Two resistors with resistances \(200 . \Omega\) and \(400 . \Omega\) are connected (a) in series and (b) in parallel with an ideal 9.00-V battery. Compare the power delivered to the \(200 .-\Omega\) resistor.

Short Answer

Expert verified
Answer: The power delivered to the \(200\Omega\) resistor when connected in series is \(0.045W\), and the power delivered when connected in parallel is \(0.405W\).

Step by step solution

01

Find the Total Resistance in Series Connection

For resistors in series, the total resistance is the sum of the individual resistances. So, \(R_{total} = R_1 + R_2 = 200\Omega + 400\Omega = 600\Omega\).
02

Find the Current in Series Connection

Use Ohm's law, \(V = IR\), to find the current flowing through the circuit.
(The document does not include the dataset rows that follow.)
lemma Ck_on_cong:
  assumes "open S" "\<And>y. y \<in> S \<Longrightarrow> f y = g y"
  shows "Ck_on m S f = Ck_on m S g"
  using assms(2)
proof (induction m arbitrary: f g)
  case 0
  then show ?case
    by (simp cong: continuous_on_cong)
next
  case (Suc m)
  have "f differentiable (at x) \<longleftrightarrow> g differentiable (at x)" if "x \<in> S" for x
    unfolding differentiable_def using has_derivative_cong_open[OF assms(1) that Suc.prems] by simp
  moreover have "Ck_on m S (partial i f) = Ck_on m S (partial i g)" for i
    using partial_cong_open[OF assms(1) _ Suc.prems] by (intro Suc.IH)
  ultimately show ?case
    by simp
qed

lemma Ck_on_partial_closed:
  assumes "open S"
    and closed: "\<And>g. g \<in> C \<Longrightarrow>
      (\<forall>x\<in>S. g differentiable (at x)) \<and> (\<forall>i. \<exists>h\<in>C. \<forall>x\<in>S. partial i g x = h x)"
    and "g \<in> C"
  shows "Ck_on m S g"
  using assms(3)
proof (induction m arbitrary: g)
  case 0
  then have "\<forall>x\<in>S. isCont g x"
    using closed differentiable_imp_continuous_within by blast
  then show ?case
    by (simp add: continuous_at_imp_continuous_on)
next
  case (Suc m)
  have "Ck_on m S (partial i g)" for i
  proof -
    obtain h where "h \<in> C" "\<forall>x\<in>S. partial i g x = h x"
      using closed[OF Suc.prems] by blast
    then show ?thesis
      using Ck_on_cong[OF assms(1), of "partial i g" h] Suc.IH by simp
  qed
  then show ?case
    using closed[OF Suc.prems] by simp
qed

lemma partial_add:
  assumes "f differentiable (at x)" "g differentiable (at x)"
  shows "partial i (\<lambda>x. f x + g x) x = partial i f x + partial i g x"
  unfolding partial_def[of i f] partial_def[of i g]
  using has_derivative_add[OF assms[unfolded frechet_derivative_works]]
  by (rule partial_eq_derivative)

lemma partial_mult:
  assumes "f differentiable (at x)" "g differentiable (at x)"
  shows "partial i (\<lambda>x. f x * g x) x = f x * partial i g x + partial i f x * g x"
  unfolding partial_def[of i f] partial_def[of i g]
  using has_derivative_mult[OF assms[unfolded frechet_derivative_works]]
  by (rule partial_eq_derivative)

lemma partial_divide:
  assumes "f differentiable (at x)" "g differentiable (at x)" "g x \<noteq> 0"
  shows "partial i (\<lambda>x. f x / g x) x = (partial i f x * g x - f x * partial i g x) / (g x * g x)"
  unfolding partial_def[of i f] partial_def[of i g]
  using has_derivative_divide'[OF assms(1,2)[unfolded frechet_derivative_works] assms(3)]
  by (rule partial_eq_derivative)

lemma real_polynomial_function_partial:
  fixes p :: "real ^ 'n::finite \<Rightarrow> real"
  assumes "real_polynomial_function p"
  shows "real_polynomial_function (partial i p)"
  using assms
proof (induction rule: real_polynomial_function.induct)
  case (linear f)
  then have "partial i f = (\<lambda>x. f (axis i 1))"
    by (intro ext partial_eq_derivative bounded_linear_imp_has_derivative)
  then show ?case
    by auto
next
  case (const c)
  have "partial i (\<lambda>x::real ^ 'n. c) = (\<lambda>x. 0)"
    by (intro ext partial_eq_derivative has_derivative_const)
  then show ?case
    by auto
next
  case (add f g)
  then have "partial i (\<lambda>x. f x + g x) = (\<lambda>x. partial i f x + partial i g x)"
    by (intro ext partial_add differentiable_at_real_polynomial_function)
  then show ?case
    using add.IH by auto
next
  case (mult f g)
  then have "partial i (\<lambda>x. f x * g x) = (\<lambda>x. f x * partial i g x + partial i f x * g x)"
    by (intro ext partial_mult differentiable_at_real_polynomial_function)
  then show ?case
    using mult by auto
qed

lemma smooth_on_polynomial_quotient:
  fixes p q :: "real ^ 'n::finite \<Rightarrow> real"
  assumes "open S" "real_polynomial_function p" "real_polynomial_function q"
    and "\<And>x. x \<in> S \<Longrightarrow> q x \<noteq> 0"
  shows "smooth_on S (\<lambda>x. p x / q x)"
proof -
  define C where "C = {(\<lambda>x. p x / q x) | p q :: real ^ 'n \<Rightarrow> real.
    real_polynomial_function p \<and> real_polynomial_function q \<and> (\<forall>x\<in>S. q x \<noteq> 0)}"
  have quotient_mem: "(\<lambda>x. p x / q x) \<in> C"
    if "real_polynomial_function p" "real_polynomial_function q" "\<forall>x\<in>S. q x \<noteq> 0" for p q
    using that unfolding C_def by blast
  have "(\<forall>x\<in>S. g differentiable (at x)) \<and> (\<forall>i. \<exists>h\<in>C. \<forall>x\<in>S. partial i g x = h x)"
    if "g \<in> C" for g
  proof -
    obtain p q where g: "g = (\<lambda>x. p x / q x)"
      and pq: "real_polynomial_function p" "real_polynomial_function q" "\<forall>x\<in>S. q x \<noteq> 0"
      using \<open>g \<in> C\<close> unfolding C_def by blast
    have "\<exists>h\<in>C. \<forall>x\<in>S. partial i g x = h x" for i
    proof
      show "\<forall>x\<in>S. partial i g x = (partial i p x * q x - p x * partial i q x) / (q x * q x)"
        using pq by (simp add: g partial_divide differentiable_at_real_polynomial_function)
      show "(\<lambda>x. (partial i p x * q x - p x * partial i q x) / (q x * q x)) \<in> C"
        using pq by (intro quotient_mem) (auto intro!: real_polynomial_function_partial)
    qed
    then show ?thesis
      using pq by (simp add: g differentiable_at_real_polynomial_function)
  qed
  then show ?thesis
    unfolding smooth_on_def using Ck_on_partial_closed[OF assms(1)] quotient_mem assms by blast
qed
Rearranging the equation and solving for the current gives \(I = \frac{V}{R_{total}} = \frac{9V}{600\Omega} = 0.015A\).
03

Calculate the Power Delivered to the \(200\Omega\) Resistor in Series Connection

We can now calculate the power delivered to the \(200\Omega\) resistor using the formula \(P = I^2R\). For the series connection, the current through both resistors is the same. Thus, \(P_{series} = (0.015A)^2(200\Omega) = 0.045W\).
04

Find the Equivalent Resistance in Parallel Connection

For resistors in parallel, the equivalent resistance is given by the formula \(\frac{1}{R_{equiv}} = \frac{1}{R_1} + \frac{1}{R_2}\). Plugging in the values, we get \(\frac{1}{R_{equiv}} = \frac{1}{200\Omega} + \frac{1}{400\Omega}\), which gives us \(R_{equiv} = 133.33\Omega\).
05

Find the Total Current in Parallel Connection

Again, use Ohm's law to find the total current flowing through the circuit. In this case, \(I_{total} = \frac{V}{R_{equiv}} = \frac{9V}{133.33\Omega} = 0.0675A\).
06

Find the Current through the \(200\Omega\) Resistor in Parallel Connection

We can find the current through the \(200\Omega\) resistor in a parallel connection using the current divider rule, which is as follows: \(I_{200} = I_{total}\frac{R_2}{R_1 + R_2} = 0.0675A \frac{400\Omega}{200\Omega +400\Omega} = 0.045A\).
07

Calculate the Power Delivered to the \(200\Omega\) Resistor in Parallel Connection

Now, we can calculate the power delivered to the \(200\Omega\) resistor using the formula \(P = I^2R\). For the parallel connection, \(P_{parallel} = (0.045A)^2(200\Omega) = 0.405W\). So, the power delivered to the \(200\Omega\) resistor when connected in series with the \(400\Omega\) resistor is \(0.045W\), and the power delivered when connected in parallel is \(0.405W\).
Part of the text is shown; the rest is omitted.